In the regard to the 15 foot depth...there where multiple studies with tracked and tagged fish...Some of the pro's will even tell ya they like the 15 foot range..and again I say this when they are retreating after or staging before they eat... (otherwise just hanging out) 

It has to do with clarity in the water table and temp...
And I imagine just like everything else in Alumn......it is different? 

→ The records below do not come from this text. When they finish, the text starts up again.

(* Let $V$ be a unitary irreducible lowest weight representation of $\hat{G}_{\Lambda,\Lambda_F}$ with lowest weight $h$. If $\dot I,\dot J$ are sequences and $\lambda_1,\lambda_2\in\{1,\dots,\Lambda_F\}$ satisfy $\dot I\lambda_1>\dot J\lambda_2$, then $h_{II}(\lambda_2;\dot J)-h_{II}(\lambda_1;\dot I)\ge0$ and $h_{III}(\dot J;\lambda_2)-h_{III}(\dot I;\lambda_1)\ge0$.
   Context: Fix positive integers $\Lambda,\Lambda_F$. A sequence $\dot I=i_1\cdots i_a$ is a finite, possibly empty, sequence of integers in $\{1,\dots,\Lambda\}$; $\#(\dot I)=a$, juxtaposition denotes concatenation, and $\delta^{\dot I}_{\dot J}$ is $1$ if $\dot I=\dot J$ and $0$ otherwise (similarly for integers). Let $\mathcal{T}_o$ be the complex vector space with basis the symbols $\bar\phi^{\lambda_1}\otimes s^{\dot K}\otimes\phi^{\lambda_2}$, $1\le\lambda_1,\lambda_2\le\Lambda_F$, $\dot K$ any sequence. For all sequences $\dot I,\dot J$ and all $\lambda_i\in\{1,\dots,\Lambda_F\}$ define linear operators on $\mathcal{T}_o$: first kind: $\bar\Xi^{\lambda_1}_{\lambda_2}\otimes f^{\dot I}_{\dot J}\otimes\Xi^{\lambda_3}_{\lambda_4}(\bar\phi^{\lambda_5}\otimes s^{\dot K}\otimes\phi^{\lambda_6})=\delta^{\lambda_5}_{\lambda_2}\delta^{\dot K}_{\dot J}\delta^{\lambda_6}_{\lambda_4}\,\bar\phi^{\lambda_1}\otimes s^{\dot I}\otimes\phi^{\lambda_3}$; second kind: $\bar\Xi^{\lambda_1}_{\lambda_2}\otimes l^{\dot I}_{\dot J}(\bar\phi^{\lambda_3}\otimes s^{\dot K}\otimes\phi^{\lambda_4})=\delta^{\lambda_3}_{\lambda_2}\sum_{\dot K_1\dot K_2=\dot K}\delta^{\dot K_1}_{\dot J}\,\bar\phi^{\lambda_1}\otimes s^{\dot I\dot K_2}\otimes\phi^{\lambda_4}$; third kind: $r^{\dot I}_{\dot J}\otimes\Xi^{\lambda_1}_{\lambda_2}(\bar\phi^{\lambda_3}\otimes s^{\dot K}\otimes\phi^{\lambda_4})=\delta^{\lambda_4}_{\lambda_2}\sum_{\dot K_1\dot K_2=\dot K}\delta^{\dot K_2}_{\dot J}\,\bar\phi^{\lambda_3}\otimes s^{\dot K_1\dot I}\otimes\phi^{\lambda_1}$; fourth kind: $\sigma^{\dot I}_{\dot J}(\bar\phi^{\lambda_1}\otimes s^{\dot K}\otimes\phi^{\lambda_2})=\sum_{\dot K_1\dot K_2\dot K_3=\dot K}\delta^{\dot K_2}_{\dot J}\,\bar\phi^{\lambda_1}\otimes s^{\dot K_1\dot I\dot K_3}\otimes\phi^{\lambda_2}$; sums over all ways to write $\dot K$ as a concatenation of possibly empty sequences. The open string algebra $\hat{G}_{\Lambda,\Lambda_F}$ is the Lie algebra (commutator bracket) of operators on $\mathcal{T}_o$ spanned by these operators. Ordering: for finite sequences of positive integers $a=a_1\cdots a_m$, $b=b_1\cdots b_n$, $a>b$ means $m>n$, or $m=n\ne0$ and $a_r>b_r$ at the first index $r$ where they differ (applied to concatenations like $\dot I\lambda_1$). $G^{00}$ is the span of all $\bar\Xi^{\lambda_1}_{\lambda_1}\otimes f^{\dot I}_{\dot I}\otimes\Xi^{\lambda_2}_{\lambda_2}$, $\bar\Xi^{\lambda}_{\lambda}\otimes l^{\dot I}_{\dot I}$, $r^{\dot I}_{\dot I}\otimes\Xi^{\lambda}_{\lambda}$, $\sigma^{\dot I}_{\dot I}$. $G^-$ is the span of all operators of the four kinds with $\#(\dot I)<\#(\dot J)$, together with those with $\#(\dot I)=\#(\dot J)$ and $\dot J\lambda_2\lambda_4>\dot I\lambda_1\lambda_3$ (first kind), $\dot J\lambda_2>\dot I\lambda_1$ (second and third kind), $\dot J>\dot I$ (fourth kind). $\omega$ is the antilinear anti-involution swapping upper and lower indices: $\omega(\bar\Xi^{\lambda_1}_{\lambda_2}\otimes f^{\dot I}_{\dot J}\otimes\Xi^{\lambda_3}_{\lambda_4})=\bar\Xi^{\lambda_2}_{\lambda_1}\otimes f^{\dot J}_{\dot I}\otimes\Xi^{\lambda_4}_{\lambda_3}$, $\omega(\bar\Xi^{\lambda_1}_{\lambda_2}\otimes l^{\dot I}_{\dot J})=\bar\Xi^{\lambda_2}_{\lambda_1}\otimes l^{\dot J}_{\dot I}$, $\omega(r^{\dot I}_{\dot J}\otimes\Xi^{\lambda_1}_{\lambda_2})=r^{\dot J}_{\dot I}\otimes\Xi^{\lambda_2}_{\lambda_1}$, $\omega(\sigma^{\dot I}_{\dot J})=\sigma^{\dot J}_{\dot I}$. A lowest weight $h$ is a linear functional on $G^{00}$ real on the spanning operators; $h_{II}(\lambda;\dot I)$ and $h_{III}(\dot I;\lambda)$ denote its values on $\bar\Xi^{\lambda}_{\lambda}\otimes l^{\dot I}_{\dot I}$ and $r^{\dot I}_{\dot I}\otimes\Xi^{\lambda}_{\lambda}$. A unitary lowest weight representation with lowest weight $h$ is a representation $V$ generated by a vector $v\ne0$ with $G^-v=0$ and $Hv=h(H)v$ for $H\in G^{00}$, carrying a positive definite Hermitian form with $\langle Xu,w\rangle=\langle u,\omega(X)w\rangle$ for all $X$. *)

theory Defs
  imports Complex_Main "HOL-Library.Function_Algebras"
begin

text \<open>A basis element phibar^a (x) s^K (x) phi^b of T_o is encoded as the triple (a, K, b).
  Vectors of T_o are (finitely supported) functions from basis triples to complex numbers;
  operators are given by their action on basis elements (matrix columns).\<close>

type_synonym bas = "nat \<times> nat list \<times> nat"
type_synonym vec = "bas \<Rightarrow> complex"
type_synonym op = "bas \<Rightarrow> vec"

definition valid_seq :: "nat \<Rightarrow> nat list \<Rightarrow> bool" where
  "valid_seq Lam K \<longleftrightarrow> (\<forall>k\<in>set K. 1 \<le> k \<and> k \<le> Lam)"

definition valid_lam :: "nat \<Rightarrow> nat \<Rightarrow> bool" where
  "valid_lam LamF l \<longleftrightarrow> 1 \<le> l \<and> l \<le> LamF"

definition valid_bas :: "nat \<Rightarrow> nat \<Rightarrow> bas \<Rightarrow> bool" where
  "valid_bas Lam LamF b \<longleftrightarrow>
     (case b of (a, K, c) \<Rightarrow> valid_lam LamF a \<and> valid_seq Lam K \<and> valid_lam LamF c)"

text \<open>Generators: F l1 l2 I J l3 l4 = Xibar^l1_l2 (x) f^I_J (x) Xi^l3_l4 (first kind);
  L l1 l2 I J = Xibar^l1_l2 (x) l^I_J (second kind);
  R I J l1 l2 = r^I_J (x) Xi^l1_l2 (third kind);  S I J = sigma^I_J (fourth kind).\<close>

datatype gen =
    F nat nat "nat list" "nat list" nat nat
  | L nat nat "nat list" "nat list"
  | R "nat list" "nat list" nat nat
  | S "nat list" "nat list"

fun valid_gen :: "nat \<Rightarrow> nat \<Rightarrow> gen \<Rightarrow> bool" where
  "valid_gen Lam LamF (F l1 l2 I J l3 l4) \<longleftrightarrow>
     valid_lam LamF l1 \<and> valid_lam LamF l2 \<and> valid_lam LamF l3 \<and> valid_lam LamF l4 \<and>
     valid_seq Lam I \<and> valid_seq Lam J"
| "valid_gen Lam LamF (L l1 l2 I J) \<longleftrightarrow>
     valid_lam LamF l1 \<and> valid_lam LamF l2 \<and> valid_seq Lam I \<and> valid_seq Lam J"
| "valid_gen Lam LamF (R I J l1 l2) \<longleftrightarrow>
     valid_lam LamF l1 \<and> valid_lam LamF l2 \<and> valid_seq Lam I \<and> valid_seq Lam J"
| "valid_gen Lam LamF (S I J) \<longleftrightarrow> valid_seq Lam I \<and> valid_seq Lam J"

definition ebas :: "bas \<Rightarrow> vec" where
  "ebas b = (\<lambda>c. if c = b then 1 else 0)"

text \<open>Action of a generator on a basis element. Sums range over all ways of writing K as a
  concatenation K1 K2 (resp. K1 K2 K3) of possibly empty sequences.\<close>

fun gen_act_raw :: "gen \<Rightarrow> bas \<Rightarrow> vec" where
  "gen_act_raw (F l1 l2 I J l3 l4) (a, K, b) =
     (if a = l2 \<and> K = J \<and> b = l4 then ebas (l1, I, l3) else 0)"
| "gen_act_raw (L l1 l2 I J) (a, K, b) =
     (if a = l2 then
        (\<Sum>n\<in>{0..length K}. if take n K = J then ebas (l1, I @ drop n K, b) else 0)
      else 0)"
| "gen_act_raw (R I J l1 l2) (a, K, b) =
     (if b = l2 then
        (\<Sum>n\<in>{0..length K}. if drop n K = J then ebas (a, take n K @ I, l1) else 0)
      else 0)"
| "gen_act_raw (S I J) (a, K, b) =
     (\<Sum>(n, m)\<in>{(n, m). n \<le> m \<and> m \<le> length K}.
        if take (m - n) (drop n K) = J then ebas (a, take n K @ I @ drop m K, b) else 0)"

definition op_of :: "nat \<Rightarrow> nat \<Rightarrow> gen \<Rightarrow> op" where
  "op_of Lam LamF g = (\<lambda>b. if valid_bas Lam LamF b then gen_act_raw g b else 0)"

definition osc :: "complex \<Rightarrow> op \<Rightarrow> op" where
  "osc c A = (\<lambda>b c'. c * A b c')"

definition apply_op :: "op \<Rightarrow> vec \<Rightarrow> vec" where
  "apply_op A x = (\<Sum>b\<in>{b. x b \<noteq> 0}. (\<lambda>c. x b * A b c))"

definition comp_op :: "op \<Rightarrow> op \<Rightarrow> op" where
  "comp_op A B = (\<lambda>b. apply_op A (B b))"

definition bracket :: "op \<Rightarrow> op \<Rightarrow> op" where
  "bracket A B = comp_op A B - comp_op B A"

definition ospan :: "op set \<Rightarrow> op set" where
  "ospan Gs = {X. \<exists>Fs c. finite Fs \<and> Fs \<subseteq> Gs \<and> X = (\<Sum>s\<in>Fs. osc (c s) s)}"

definition Ghat :: "nat \<Rightarrow> nat \<Rightarrow> op set" where
  "Ghat Lam LamF = ospan (op_of Lam LamF ` {g. valid_gen Lam LamF g})"

definition seq_gt :: "nat list \<Rightarrow> nat list \<Rightarrow> bool" where
  "seq_gt a b \<longleftrightarrow> length a > length b \<or>
     (length a = length b \<and> length a \<noteq> 0 \<and>
      (\<exists>r < length a. take r a = take r b \<and> a ! r > b ! r))"

fun is_G00_gen :: "gen \<Rightarrow> bool" where
  "is_G00_gen (F l1 l2 I J l3 l4) \<longleftrightarrow> l1 = l2 \<and> I = J \<and> l3 = l4"
| "is_G00_gen (L l1 l2 I J) \<longleftrightarrow> l1 = l2 \<and> I = J"
| "is_G00_gen (R I J l1 l2) \<longleftrightarrow> l1 = l2 \<and> I = J"
| "is_G00_gen (S I J) \<longleftrightarrow> I = J"

fun is_Gminus_gen :: "gen \<Rightarrow> bool" where
  "is_Gminus_gen (F l1 l2 I J l3 l4) \<longleftrightarrow> length I < length J \<or>
     (length I = length J \<and> seq_gt (J @ [l2, l4]) (I @ [l1, l3]))"
| "is_Gminus_gen (L l1 l2 I J) \<longleftrightarrow> length I < length J \<or>
     (length I = length J \<and> seq_gt (J @ [l2]) (I @ [l1]))"
| "is_Gminus_gen (R I J l1 l2) \<longleftrightarrow> length I < length J \<or>
     (length I = length J \<and> seq_gt (J @ [l2]) (I @ [l1]))"
| "is_Gminus_gen (S I J) \<longleftrightarrow> length I < length J \<or>
     (length I = length J \<and> seq_gt J I)"

definition G00 :: "nat \<Rightarrow> nat \<Rightarrow> op set" where
  "G00 Lam LamF = ospan (op_of Lam LamF ` {g. valid_gen Lam LamF g \<and> is_G00_gen g})"

definition Gminus :: "nat \<Rightarrow> nat \<Rightarrow> op set" where
  "Gminus Lam LamF = ospan (op_of Lam LamF ` {g. valid_gen Lam LamF g \<and> is_Gminus_gen g})"

fun omega_gen :: "gen \<Rightarrow> gen" where
  "omega_gen (F l1 l2 I J l3 l4) = F l2 l1 J I l4 l3"
| "omega_gen (L l1 l2 I J) = L l2 l1 J I"
| "omega_gen (R I J l1 l2) = R J I l2 l1"
| "omega_gen (S I J) = S J I"

text \<open>The representation space V is modelled as a complex subspace of a function space
  'a => complex (every complex vector space is isomorphic to such a subspace).\<close>

definition fsc :: "complex \<Rightarrow> ('a \<Rightarrow> complex) \<Rightarrow> ('a \<Rightarrow> complex)" where
  "fsc c u = (\<lambda>x. c * u x)"

definition csubspace :: "('a \<Rightarrow> complex) set \<Rightarrow> bool" where
  "csubspace W \<longleftrightarrow> 0 \<in> W \<and> (\<forall>u\<in>W. \<forall>w\<in>W. u + w \<in> W) \<and> (\<forall>c. \<forall>u\<in>W. fsc c u \<in> W)"

definition is_rep :: "nat \<Rightarrow> nat \<Rightarrow> ('a \<Rightarrow> complex) set \<Rightarrow> (op \<Rightarrow> ('a \<Rightarrow> complex) \<Rightarrow> ('a \<Rightarrow> complex)) \<Rightarrow> bool" where
  "is_rep Lam LamF V \<rho> \<longleftrightarrow>
     csubspace V \<and>
     (\<forall>X\<in>Ghat Lam LamF. \<forall>u\<in>V. \<rho> X u \<in> V) \<and>
     (\<forall>X\<in>Ghat Lam LamF. \<forall>u\<in>V. \<forall>w\<in>V. \<forall>a b.
        \<rho> X (fsc a u + fsc b w) = fsc a (\<rho> X u) + fsc b (\<rho> X w)) \<and>
     (\<forall>X\<in>Ghat Lam LamF. \<forall>Y\<in>Ghat Lam LamF. \<forall>u\<in>V. \<forall>a b.
        \<rho> (osc a X + osc b Y) u = fsc a (\<rho> X u) + fsc b (\<rho> Y u)) \<and>
     (\<forall>X\<in>Ghat Lam LamF. \<forall>Y\<in>Ghat Lam LamF. \<forall>u\<in>V.
        \<rho> (bracket X Y) u = \<rho> X (\<rho> Y u) - \<rho> Y (\<rho> X u))"

definition invariant_subspace :: "nat \<Rightarrow> nat \<Rightarrow> ('a \<Rightarrow> complex) set \<Rightarrow> (op \<Rightarrow> ('a \<Rightarrow> complex) \<Rightarrow> ('a \<Rightarrow> complex)) \<Rightarrow> ('a \<Rightarrow> complex) set \<Rightarrow> bool" where
  "invariant_subspace Lam LamF V \<rho> W \<longleftrightarrow>
     csubspace W \<and> W \<subseteq> V \<and> (\<forall>X\<in>Ghat Lam LamF. \<forall>u\<in>W. \<rho> X u \<in> W)"
lemma not_summable_dprod_inf:
  assumes "\<And>j. j \<ge> 1 \<Longrightarrow> finite (A j)" and "infinite {j. j \<ge> 1 \<and> (m, n) \<in> A j}"
    and "eventually (\<lambda>j. real q powr (real j * (real n * \<rho> - real m) - c) \<le> real (e j))
           sequentially"
    and "\<sigma> < \<rho>"
  shows "\<not> summable (\<lambda>N. dprod_inf A q e N * real N powr (-\<sigma>))"
proof
  let ?g = "\<lambda>N. dprod_inf A q e N * real N powr (-\<sigma>)"
  assume "summable ?g"
  then have "eventually (\<lambda>N. ?g N < real q powr (-c)) sequentially"
    using q2 by (intro order_tendstoD(2)[OF summable_LIMSEQ_zero]) auto
  then obtain N0 where N0: "\<And>N. N \<ge> N0 \<Longrightarrow> ?g N < real q powr (-c)"
    by (auto simp: eventually_sequentially)
  have "frequently (\<lambda>j. j \<ge> 1 \<and> (m, n) \<in> A j) sequentially"
    using assms(2) by (simp add: frequently_cofinite flip: cofinite_eq_sequentially)
  from frequently_eventually_frequently[OF this
      eventually_conj[OF assms(3) eventually_ge_at_top[of N0]]]
  obtain j where j: "j \<ge> 1" "(m, n) \<in> A j" "j \<ge> N0"
    and weight: "real q powr (real j * (real n * \<rho> - real m) - c) \<le> real (e j)"
    by (auto dest: frequently_ex)
  have n: "n \<ge> 1" using snd_ge_1 j by force
  have q0: "0 < q" using q2 by simp
  let ?N = "(q ^ j) ^ n"
  have "real j * real n * \<sigma> \<le> real j * real n * \<rho>"
    using \<open>\<sigma> < \<rho>\<close> by (intro mult_left_mono) auto
  then have "real q powr (-c)
      \<le> real q powr (real j * (real n * \<rho> - real m) - c + real j * (real m - real n * \<sigma>))"
    using q2 by (intro powr_mono) (auto simp: algebra_simps)
  also have "\<dots> \<le> real (e j) * (real (q ^ j) ^ m * real ?N powr (-\<sigma>))"
    unfolding xi_term_eq_powr[OF q0] using weight
    by (simp add: powr_add mult_right_mono)
  also have "\<dots> \<le> ?g ?N"
    using dprod_inf_ge_xi_term[OF assms(1)[OF j(1)] j(1,2)]
    by (simp add: mult.assoc[symmetric] mult_right_mono)
  finally show False using N0[of ?N] less_power_power[OF n, of j] j(3) by simp
qed

end

lemma eventually_weight_bounds:
  fixes q n0 m0 :: nat and k :: "nat \<Rightarrow> nat" and f :: "nat \<Rightarrow> int"
  assumes q: "q \<ge> 1" and "\<rho>0 < \<rho>" and m0: "real m0 \<le> \<rho>0 * real n0"
    and k: "\<forall>j\<ge>1. \<bar>real (k j) / real j - \<rho>\<bar> \<le> 1 / real j"
    and f: "\<forall>j. f j = (if real j \<ge> 1 / (\<rho> - \<rho>0)
                      then int n0 * int (k j) - int m0 * int j else 0)"
  shows "eventually (\<lambda>j.
             real q powr (real j * (real n0 * \<rho> - real m0) - real n0) \<le> real (q ^ nat (f j))
           \<and> real (q ^ nat (f j)) \<le> real q powr (real j * (real n0 * \<rho> - real m0) + real n0))
           sequentially"
  using eventually_ge_at_top[of "nat \<lceil>1 / (\<rho> - \<rho>0)\<rceil> + 1"]
proof eventually_elim
  case (elim j)
  have j_large: "1 / (\<rho> - \<rho>0) \<le> real j" using elim by linarith
  then have j: "j \<ge> 1" "1 \<le> real j * (\<rho> - \<rho>0)"
    using elim \<open>\<rho>0 < \<rho>\<close> by (auto simp: pos_divide_le_eq)
  have "\<bar>real (k j) - real j * \<rho>\<bar> = real j * \<bar>real (k j) / real j - \<rho>\<bar>"
    using j(1) by (simp add: abs_mult_pos[symmetric] field_simps)
  also have "\<dots> \<le> 1" using k j(1) by (simp add: field_simps)
  finally have "\<bar>real n0 * real (k j) - real n0 * (real j * \<rho>)\<bar> \<le> real n0"
    using mult_left_mono[of _ 1 "real n0"] by (simp add: abs_mult flip: right_diff_distrib)
  moreover have "real n0 \<le> real n0 * (real j * (\<rho> - \<rho>0))"
    using j(2) mult_left_mono[of 1 _ "real n0"] by simp
  moreover have "real m0 * real j \<le> \<rho>0 * real n0 * real j"
    using m0 by (simp add: mult_right_mono)
  ultimately have f_nonneg: "0 \<le> real n0 * real (k j) - real m0 * real j"
    and f_bounds: "\<bar>(real n0 * real (k j) - real m0 * real j) - real j * (real n0 * \<rho> - real m0)\<bar>
                     \<le> real n0"
    by (auto simp: algebra_simps)
  have fj: "real_of_int (f j) = real n0 * real (k j) - real m0 * real j" using f j_large by simp
  then have "0 \<le> f j" using f_nonneg by (metis of_int_0_le_iff)
  have "real (q ^ nat (f j)) = real q powr real (nat (f j))" using q by (simp add: powr_realpow)
  also have "real (nat (f j)) = real n0 * real (k j) - real m0 * real j"
    using fj \<open>0 \<le> f j\<close> by simp
  finally have "real (q ^ nat (f j)) = real q powr (real n0 * real (k j) - real m0 * real j)" .
  with f_bounds q show ?case by (auto intro!: powr_mono)
qed

lemma abscissa_conv_eqI:
  assumes "\<And>\<sigma>. \<rho> < \<sigma> \<Longrightarrow> summable (\<lambda>n. c n * real n powr (-\<sigma>))"
    and "\<And>\<sigma>. \<sigma> < \<rho> \<Longrightarrow> \<not> summable (\<lambda>n. c n * real n powr (-\<sigma>))"
  shows "abscissa_conv c = ereal \<rho>"
  unfolding abscissa_conv_def
proof (rule antisym)
  show "ereal \<rho> \<le> Inf (ereal ` {\<sigma>. summable (\<lambda>n. c n * real n powr (-\<sigma>))})"
    using assms(2) by (force intro: Inf_greatest)
  show "Inf (ereal ` {\<sigma>. summable (\<lambda>n. c n * real n powr (-\<sigma>))}) \<le> ereal \<rho>"
    unfolding Inf_le_iff
  proof (intro allI impI)
    fix y assume "ereal \<rho> < y"
    then obtain \<sigma> where "ereal \<rho> < ereal \<sigma>" "ereal \<sigma> < y"
      by (meson ereal_dense2)
    with assms(1)[of \<sigma>] show "\<exists>z\<in>ereal ` {\<sigma>. summable (\<lambda>n. c n * real n powr (-\<sigma>))}. z < y"
      by auto
  qed
qed

lemma prec_rel_total:
  assumes "x \<noteq> y"
  shows "prec_rel \<rho> x y \<or> prec_rel \<rho> y x"
proof (cases "snd x = snd y")
  case True
  with assms have "fst x \<noteq> fst y" by (simp add: prod_eq_iff)
  with True show ?thesis by (auto simp: prec_rel_def linorder_neq_iff)
qed (auto simp: prec_rel_def linorder_neq_iff)

lemma prec_rel_strict_linear_order:
  "strict_linear_order_on a {(x, y). x \<in> a \<and> y \<in> a \<and> prec_rel \<rho> x y}"
  unfolding strict_linear_order_on_def trans_def irrefl_def total_on_def
  using prec_rel_total by (auto simp: prec_rel_def)

theorem lemma5p2:
  fixes \<rho>0 \<rho> :: real and q m0 n0 :: nat
    and a :: "(nat \<times> nat) set" and A :: "nat \<Rightarrow> (nat \<times> nat) set"
    and k :: "nat \<Rightarrow> nat" and f :: "nat \<Rightarrow> int"
  assumes "0 < \<rho>0" and "\<rho>0 < \<rho>" and "q \<ge> 2"
    and "finite a" and "\<forall>p\<in>a. snd p \<ge> 1"
    and "\<forall>j\<ge>1. A j \<noteq> {} \<and> A j \<subseteq> a"
    and "\<forall>p\<in>a. real (fst p) / real (snd p) \<le> \<rho>0"
    and "(m0, n0) \<in> a"
    and "infinite {j. j \<ge> 1 \<and> (m0, n0) \<in> A j}"
    and "\<forall>p\<in>a. infinite {j. j \<ge> 1 \<and> p \<in> A j} \<longrightarrow> \<not> prec_rel \<rho> p (m0, n0)"
    and "\<forall>j\<ge>1. k j \<ge> 1 \<and> \<bar>real (k j) / real j - \<rho>\<bar> \<le> 1 / real j"
    and "\<forall>j. f j = (if real j \<ge> 1 / (\<rho> - \<rho>0)
                    then int n0 * int (k j) - int m0 * int j else 0)"
  shows "strict_linear_order_on a {(x, y). x \<in> a \<and> y \<in> a \<and> prec_rel \<rho> x y}
         \<and> abscissa_conv (dprod_inf A q (\<lambda>j. q ^ nat (f j))) = ereal \<rho>"
proof -
  have subset: "\<forall>j\<ge>1. A j \<subseteq> a" using assms(6) by blast
  have snd_ge_1: "\<And>j p. j \<ge> 1 \<Longrightarrow> p \<in> A j \<Longrightarrow> snd p \<ge> 1" using assms(5) subset by blast
  have fin: "\<And>j. j \<ge> 1 \<Longrightarrow> finite (A j)" using assms(4) subset finite_subset by blast
  have "real m0 \<le> \<rho>0 * real n0" using assms(5,7,8) by (force simp: divide_le_eq)
  then have weight: "eventually (\<lambda>j.
        real q powr (real j * (real n0 * \<rho> - real m0) - real n0) \<le> real (q ^ nat (f j))
      \<and> real (q ^ nat (f j)) \<le> real q powr (real j * (real n0 * \<rho> - real m0) + real n0))
      sequentially"
    using assms(2,3,11,12) by (intro eventually_weight_bounds) auto
  have recurrent: "\<forall>p\<in>a. infinite {j. j \<ge> 1 \<and> p \<in> A j}
      \<longrightarrow> real (fst p) - real (snd p) * \<rho> \<le> -(real n0 * \<rho> - real m0)"
    using assms(10) by (auto simp: prec_rel_def)
  have "abscissa_conv (dprod_inf A q (\<lambda>j. q ^ nat (f j))) = ereal \<rho>"
  proof (rule abscissa_conv_eqI)
    show "summable (\<lambda>N. dprod_inf A q (\<lambda>j. q ^ nat (f j)) N * real N powr (-\<sigma>))"
      if "\<rho> < \<sigma>" for \<sigma>
      by (rule summable_dprod_inf[OF assms(3) snd_ge_1 fin
            summable_weighted_xi_eval[OF _ assms(4) subset assms(5) recurrent _ that]])
         (use assms(3) weight in \<open>auto elim: eventually_mono\<close>)
    show "\<not> summable (\<lambda>N. dprod_inf A q (\<lambda>j. q ^ nat (f j)) N * real N powr (-\<sigma>))"
      if "\<sigma> < \<rho>" for \<sigma>
      by (rule not_summable_dprod_inf[OF assms(3) snd_ge_1 fin assms(9) _ that])
         (use weight in \<open>auto elim: eventually_mono\<close>)
  qed
  with prec_rel_strict_linear_order show ?thesis by blast
qed

end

This is just a unique mixed breed...always adapting and always elusive..I certainly am no expert...I catch more by accident at alumn then I do fishing for them..but I have caught a couple of hogs out of there...


----------



## puterdude (Jan 27, 2006)

yep,they are a strange fish breed.I ,personally, think Jim Corey was the closest one ever remotely close to patterning them with regularity.Some even said he could talk their lanuage.But hey like I said,that's what makes it so much fun fishing for them.


----------



## Lewis (Apr 5, 2004)

In cold water periods,late fall,winter and very early spring,
I routinely catch Saugeyes in depths to 30 ft on SE Ohio lakes.
I would say my favorite locations for cold water lead core trolling,blade baiting through the ice,or jigging average 22 to 26 feet deep.
Humps near deep water or a creek channel can also be very productive.
Any kind of hard bottom or gravel structure in these locations is the key.
Summer is a different story...I rarely fish deeper than 12 ft.


----------



## multi species angler (Feb 20, 2006)

Are two words I Never, no scratch NEVER, I try not to use, because there are ALWAYS, no scratch ALWAYS, there are usually exceptions.


----------



## Brian.Smith (May 18, 2006)

I think the Saugeye all went to warmer weather like NC or Florida.


----------



## I_WALL_I (Apr 27, 2006)

You're right about Jim Corey peterdude!! Lewis, was that you with him in the 2 day Piedmont SOWC finale in 02'?? My partner and I had 3 (total) eye and Jim and his partner caught like 80-90 in deepwater on leadcore!!


----------



## Lewis (Apr 5, 2004)

Yes,that was Jim and me.I remember that 2 day event very well.
We put our heads together and came up with a very effective deep water bite that we used on many lakes.
I have many great memories of fishing with Jim,for sure.


----------



## fishintechnician (Jul 20, 2007)

Heres one for ya. Fished delaware res yesterday with bonechrusher. Fished a cove in hte northern end didn't hook up but had soem really good bites. Ice was 8-9 inches thick no air gaps or water out of the holes, but it was singing. We fished the mouth of the cove didn't check the main lake


----------



## dre (Aug 14, 2009)

I really want to try Delaware bad! Sounds like good ice. Like I said in my Alum post, there was 6-7 inches of ice in the Galena cove and it was groaning at me so I can only imagine there is even more there now. It was really clear ice too.


----------



## fishintechnician (Jul 20, 2007)

same with del real clear ice and it was talking big time


----------